# [Try it]
In the records below, find the line with "unfolding U_def by (rule card_Un_le)" and the line with "using card_Un_le[of A"; return exactly those lines and every line between them.

══ Exercise data ══

lemma VarV_image:
  fixes v :: bool
  assumes j: "j \<in> e i"
  defines "s \<equiv> var_index (\<pi> (VarV j v))" and "t \<equiv> var_value (\<pi> (VarV j v))"
  shows "\<pi> (VarV j v) = VarV s t" and "s \<in> e k"
    and "f ` {T \<in> S. (j \<in> T) = v} = {U \<in> P. (s \<in> U) = t}"
proof -
  have neighbour: "\<pi> (VarV j v) = VarV s t \<and> s \<in> e k \<and> t = (s \<in> f T)"
    if "T \<in> S" "(j \<in> T) = v" for T
    using VarV_image_neighbour[OF that(1) j] that(2) unfolding s_def t_def
    by (auto simp: var_index_def var_value_def)
  have card_N: "card {T \<in> S. (j \<in> T) = v} = 2"
    using card_parity_subsets_mem[OF card_e(1) j] .
  then obtain T where "T \<in> {T \<in> S. (j \<in> T) = v}"
    by (metis all_not_in_conv card.empty zero_neq_numeral)
  with neighbour show "\<pi> (VarV j v) = VarV s t" "s \<in> e k" by blast+
  show "f ` {T \<in> S. (j \<in> T) = v} = {U \<in> P. (s \<in> U) = t}"
  proof (rule card_subset_eq)
    show "finite {U \<in> P. (s \<in> U) = t}"
      using finite_parity_subsets[OF finite_hyperedge[OF uniform k]] by simp
    show "f ` {T \<in> S. (j \<in> T) = v} \<subseteq> {U \<in> P. (s \<in> U) = t}"
      using neighbour f_bij unfolding bij_betw_def by auto
    have "inj_on f {T \<in> S. (j \<in> T) = v}"
      using f_bij unfolding bij_betw_def by (blast intro: inj_on_subset)
    then have "card (f ` {T \<in> S. (j \<in> T) = v}) = 2"
      using card_N by (simp add: card_image)
    also have "\<dots> = card {U \<in> P. (s \<in> U) = t}"
      using card_parity_subsets_mem[OF card_e(2) \<open>s \<in> e k\<close>] by simp
    finally show "card (f ` {T \<in> S. (j \<in> T) = v}) = card {U \<in> P. (s \<in> U) = t}" .
  qed
qed

lemma VarV_image_flip:
  assumes j: "j \<in> e i"
  shows "\<pi> (VarV j True) = VarV (var_index (\<pi> (VarV j False))) (\<not> var_value (\<pi> (VarV j False)))"
proof -
  define s0 where "s0 = var_index (\<pi> (VarV j False))"
  define t0 where "t0 = var_value (\<pi> (VarV j False))"
  define s1 where "s1 = var_index (\<pi> (VarV j True))"
  define t1 where "t1 = var_value (\<pi> (VarV j True))"
  have "{T \<in> S. (j \<in> T) = True} = S - {T \<in> S. (j \<in> T) = False}" by auto
  then have "f ` {T \<in> S. (j \<in> T) = True} = f ` S - f ` {T \<in> S. (j \<in> T) = False}"
    using f_bij inj_on_image_set_diff[of f S S] unfolding bij_betw_def by auto
  then have "f ` {T \<in> S. (j \<in> T) = True} = P - f ` {T \<in> S. (j \<in> T) = False}"
    using f_bij unfolding bij_betw_def by simp
  then have "{U \<in> P. (s1 \<in> U) = t1} = P - {U \<in> P. (s0 \<in> U) = t0}"
    using VarV_image(3)[OF j, of True] VarV_image(3)[OF j, of False]
    unfolding s0_def t0_def s1_def t1_def by simp
  also have "\<dots> = {U \<in> P. (s0 \<in> U) = (\<not> t0)}" by auto
  finally have "s1 = s0 \<and> t1 = (\<not> t0)"
    unfolding s0_def s1_def
    by (rule even_subsets_mem_inj[OF card_e(2) VarV_image(2)[OF j] VarV_image(2)[OF j]])
  with VarV_image(1)[OF j, of True] show ?thesis unfolding s0_def t0_def s1_def t1_def by simp
qed

definition assignment :: "nat \<Rightarrow> bool" where
  "assignment j = var_value (\<pi> (VarV j False))"

definition var_map :: "nat \<Rightarrow> nat" where
  "var_map j = var_index (\<pi> (VarV j False))"

lemma VarV_image_local:
  assumes "j \<in> e i"
  shows "\<pi> (VarV j (j \<in> T)) = VarV (var_map j) ((j \<in> T) \<noteq> assignment j)"
  using VarV_image(1)[OF assms, of False] VarV_image_flip[OF assms]
  unfolding assignment_def var_map_def by (cases "j \<in> T") simp_all

lemma var_map_mem:
  assumes "T \<in> S" "j \<in> e i"
  shows "var_map j \<in> e k" and "var_map j \<in> f T \<longleftrightarrow> (j \<in> T) \<noteq> assignment j"
  using VarV_image_neighbour[OF assms] VarV_image_local[OF assms(2), of T] by auto

lemma var_map_bij: "bij_betw var_map (e i) (e k)"
proof -
  obtain T0 where T0: "T0 \<in> S"
    using card_parity_subsets[OF card_e(1)] by (metis all_not_in_conv card.empty zero_neq_numeral)
  have "inj_on var_map (e i)"
  proof
    fix j j' assume jj: "j \<in> e i" "j' \<in> e i" "var_map j = var_map j'"
    then have "((j \<in> T0) \<noteq> assignment j) = ((j' \<in> T0) \<noteq> assignment j')"
      using var_map_mem(2)[OF T0 jj(1)] var_map_mem(2)[OF T0 jj(2)] by simp
    with jj have "\<pi> (VarV j (j \<in> T0)) = \<pi> (VarV j' (j' \<in> T0))" using VarV_image_local by simp
    moreover have "j < n" "j' < n" using uniform i jj by blast+
    ultimately have "VarV j (j \<in> T0) = VarV j' (j' \<in> T0)"
      using inj_onD[OF inj] VarV_in_GC_V by blast
    then show "j = j'" by simp
  qed
  moreover have "var_map ` e i = e k"
  proof (rule card_subset_eq)
    show "finite (e k)" by (rule finite_hyperedge[OF uniform k])
    show "var_map ` e i \<subseteq> e k" using var_map_mem(1)[OF T0] by blast
    show "card (var_map ` e i) = card (e k)" using card_image[OF \<open>inj_on var_map (e i)\<close>] card_e by simp
  qed
  ultimately show ?thesis unfolding bij_betw_def ..
qed

lemma f_eq_image_disagreements:
  assumes T: "T \<in> S"
  shows "f T = var_map ` {j \<in> e i. (j \<in> T) \<noteq> assignment j}"
proof
  have "f T \<subseteq> e k" using f_bij T unfolding bij_betw_def parity_subsets_def by blast
  show "f T \<subseteq> var_map ` {j \<in> e i. (j \<in> T) \<noteq> assignment j}"
  proof
    fix u assume "u \<in> f T"
    with \<open>f T \<subseteq> e k\<close> obtain j where "j \<in> e i" "u = var_map j"
      using var_map_bij unfolding bij_betw_def by blast
    with \<open>u \<in> f T\<close> show "u \<in> var_map ` {j \<in> e i. (j \<in> T) \<noteq> assignment j}"
      using var_map_mem(2)[OF T] by auto
  qed
  show "var_map ` {j \<in> e i. (j \<in> T) \<noteq> assignment j} \<subseteq> f T"
    using var_map_mem(2)[OF T] by blast
qed

text \<open>Every local assignment T of constraint i disagrees with the global assignment on an
  even number of variables, because these are mapped bijectively onto the even set f T.\<close>

lemma constraint_satisfied: "xor_sat e b (\<lambda>j. var_value (\<pi> (VarV j False))) i"
proof -
  obtain T where T: "T \<in> S"
    using card_parity_subsets[OF card_e(1)] by (metis all_not_in_conv card.empty zero_neq_numeral)
  have "inj_on var_map (e i)" using var_map_bij by (rule bij_betw_imp_inj_on)
  then have "inj_on var_map {j \<in> e i. (j \<in> T) \<noteq> assignment j}" by (rule inj_on_subset) auto
  then have "card (f T) = card {j \<in> e i. (j \<in> T) \<noteq> assignment j}"
    unfolding f_eq_image_disagreements[OF T] by (rule card_image)
  moreover have "even (card (f T))" "T \<subseteq> e i" "odd (card T) \<longleftrightarrow> b i"
    using f_bij T unfolding bij_betw_def parity_subsets_def by auto
  ultimately show ?thesis
    using odd_card_disagreements[OF finite_hyperedge[OF uniform i], of T assignment]
    unfolding xor_sat_def assignment_def by simp
qed

end

lemma preserved_constraint_satisfied:
  assumes "\<forall>i<m. e i \<subseteq> {..<n} \<and> card (e i) = 3" "inj_on \<pi> (GC_V n m e b)" "i < m"
    and "constraint_preserved n m e b \<pi> i"
  shows "xor_sat e b (\<lambda>j. var_value (\<pi> (VarV j False))) i"
proof -
  have local: "preserved_constraint n m e b \<pi> i"
    using assms by (rule preserved_constraint.intro)
  then obtain k where "k < m"
    "(\<lambda>T. \<pi> (ConV i T)) ` parity_subsets (e i) (b i) = ConV k ` parity_subsets (e k) False"
    by (rule preserved_constraint.image_constraint_clique)
  then have "preserved_constraint_target n m e b \<pi> i k"
    by (intro preserved_constraint_target.intro[OF local] preserved_constraint_target_axioms.intro)
  then show ?thesis by (rule preserved_constraint_target.constraint_satisfied)
qed

section \<open>Size of $G_{\mathcal{C}}$ and the maximum defining GI\<close>

lemma finite_GC_V:
  assumes uniform: "\<forall>i<m. e i \<subseteq> {..<n} \<and> card (e i) = 3"
  shows "finite (GC_V n m e b)"
proof (rule finite_subset)
  show "GC_V n m e b \<subseteq> (\<lambda>(x,v). VarV x v) ` ({..<n} \<times> UNIV) \<union> (\<lambda>(i,T). ConV i T) ` (SIGMA i:{..<m}. Pow (e i))"
    unfolding GC_V_def local_sat_def by auto
  show "finite ((\<lambda>(x,v). VarV x v) ` ({..<n} \<times> UNIV) \<union> (\<lambda>(i,T). ConV i T) ` (SIGMA i:{..<m}. Pow (e i)))"
    using finite_hyperedge[OF uniform] by (intro finite_UnI finite_imageI finite_SigmaI) auto
qed

definition clique_edges :: "(nat \<Rightarrow> nat set) \<Rightarrow> (nat \<Rightarrow> bool) \<Rightarrow> nat \<Rightarrow> vtx set set" where
  "clique_edges e b i = {X. X \<subseteq> ConV i ` parity_subsets (e i) (b i) \<and> card X = 2}"

definition incidence_edges :: "(nat \<Rightarrow> nat set) \<Rightarrow> (nat \<Rightarrow> bool) \<Rightarrow> nat \<Rightarrow> vtx set set" where
  "incidence_edges e b i =
     (\<lambda>(T, j). {ConV i T, VarV j (j \<in> T)}) ` (parity_subsets (e i) (b i) \<times> e i)"

lemma GC_E_subset:
  "GC_E n m e b \<subseteq> (\<lambda>x. {VarV x False, VarV x True}) ` {..<n}
     \<union> (\<Union>i<m. clique_edges e b i) \<union> (\<Union>i<m. incidence_edges e b i)"
proof
  fix ed assume "ed \<in> GC_E n m e b"
  then consider (var) x where "x < n" "ed = {VarV x False, VarV x True}"
    | (clique) i T T' where "i < m" "T \<in> parity_subsets (e i) (b i)"
        "T' \<in> parity_subsets (e i) (b i)" "T \<noteq> T'" "ed = {ConV i T, ConV i T'}"
    | (incidence) i T j where "i < m" "T \<in> parity_subsets (e i) (b i)" "j \<in> e i"
        "ed = {ConV i T, VarV j (j \<in> T)}"
    unfolding GC_E_def Un_iff mem_Collect_eq local_sat_iff by (elim disjE exE conjE) blast+
  then show "ed \<in> (\<lambda>x. {VarV x False, VarV x True}) ` {..<n}
     \<union> (\<Union>i<m. clique_edges e b i) \<union> (\<Union>i<m. incidence_edges e b i)"
  proof cases
    case clique
    then have "ed \<in> clique_edges e b i" unfolding clique_edges_def by auto
    with clique(1) show ?thesis by blast
  next
    case incidence
    then have "ed \<in> incidence_edges e b i"
      unfolding incidence_edges_def by (auto intro!: image_eqI[where x = "(T, j)"])
    with incidence(1) show ?thesis by blast
  qed auto
qed

lemma clique_edges_finite_card:
  assumes uniform: "\<forall>i<m. e i \<subseteq> {..<n} \<and> card (e i) = 3" and "i < m"
  shows "finite (clique_edges e b i) \<and> card (clique_edges e b i) = 6"
proof -
  have fin: "finite (ConV i ` parity_subsets (e i) (b i))"
    using finite_parity_subsets[OF finite_hyperedge[OF assms]] by simp
  have "card (ConV i ` parity_subsets (e i) (b i)) = 4"
    using card_parity_subsets uniform \<open>i < m\<close> by (subst card_image) (auto simp: inj_on_def)
  then show ?thesis
    using n_subsets[OF fin, of 2] fin unfolding clique_edges_def by (simp add: numeral_eq_Suc)
qed

lemma incidence_edges_finite_card:
  assumes uniform: "\<forall>i<m. e i \<subseteq> {..<n} \<and> card (e i) = 3" and "i < m"
  shows "finite (incidence_edges e b i) \<and> card (incidence_edges e b i) \<le> 12"
proof -
  have fin: "finite (parity_subsets (e i) (b i) \<times> e i)"
    using finite_parity_subsets[OF finite_hyperedge[OF assms]] finite_hyperedge[OF assms] by simp
  have "card (parity_subsets (e i) (b i) \<times> e i) = 12"
    using card_parity_subsets uniform \<open>i < m\<close> by (simp add: card_cartesian_product)
  moreover have "card (incidence_edges e b i) \<le> card (parity_subsets (e i) (b i) \<times> e i)"
    unfolding incidence_edges_def using fin by (rule card_image_le)
  ultimately show ?thesis using fin unfolding incidence_edges_def by simp
qed

lemma GC_E_finite_card_le:
  assumes uniform: "\<forall>i<m. e i \<subseteq> {..<n} \<and> card (e i) = 3"
  shows "finite (GC_E n m e b) \<and> card (GC_E n m e b) \<le> n + 18 * m"
proof -
  define A where "A = (\<lambda>x. {VarV x False, VarV x True}) ` {..<n}"
  define U where "U = A \<union> (\<Union>i<m. clique_edges e b i) \<union> (\<Union>i<m. incidence_edges e b i)"
  note B = clique_edges_finite_card[OF uniform] and C = incidence_edges_finite_card[OF uniform]
  have A: "finite A" "card A \<le> n" unfolding A_def using card_image_le[of "{..<n}"] by auto
  have "finite U" unfolding U_def using A B C by auto
  have "card U \<le> card (A \<union> (\<Union>i<m. clique_edges e b i)) + card (\<Union>i<m. incidence_edges e b i)"
    unfolding U_def by (rule card_Un_le)
  also have "\<dots> \<le> card A + card (\<Union>i<m. clique_edges e b i) + card (\<Union>i<m. incidence_edges e b i)"
    using card_Un_le[of A "\<Union>i<m. clique_edges e b i"] by simp
  also have "\<dots> \<le> n + (\<Sum>i<m. card (clique_edges e b i)) + (\<Sum>i<m. card (incidence_edges e b i))"
    using A(2) by (intro add_mono card_UN_le) auto
  also have "\<dots> \<le> n + (\<Sum>i<m. 6) + (\<Sum>i<m. 12)"
    using B C by (intro add_mono sum_mono) auto
  finally have "card U \<le> n + 18 * m" by simp
  moreover have "GC_E n m e b \<subseteq> U" unfolding U_def A_def by (rule GC_E_subset)
  moreover from this \<open>finite U\<close> have "card (GC_E n m e b) \<le> card U" by (simp add: card_mono)
  ultimately show ?thesis using \<open>finite U\<close> finite_subset by auto
qed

═══

# [Answer box]
    unfolding U_def by (rule card_Un_le)
  also have "\<dots> \<le> card A + card (\<Union>i<m. clique_edges e b i) + card (\<Union>i<m. incidence_edges e b i)"
    using card_Un_le[of A "\<Union>i<m. clique_edges e b i"] by simp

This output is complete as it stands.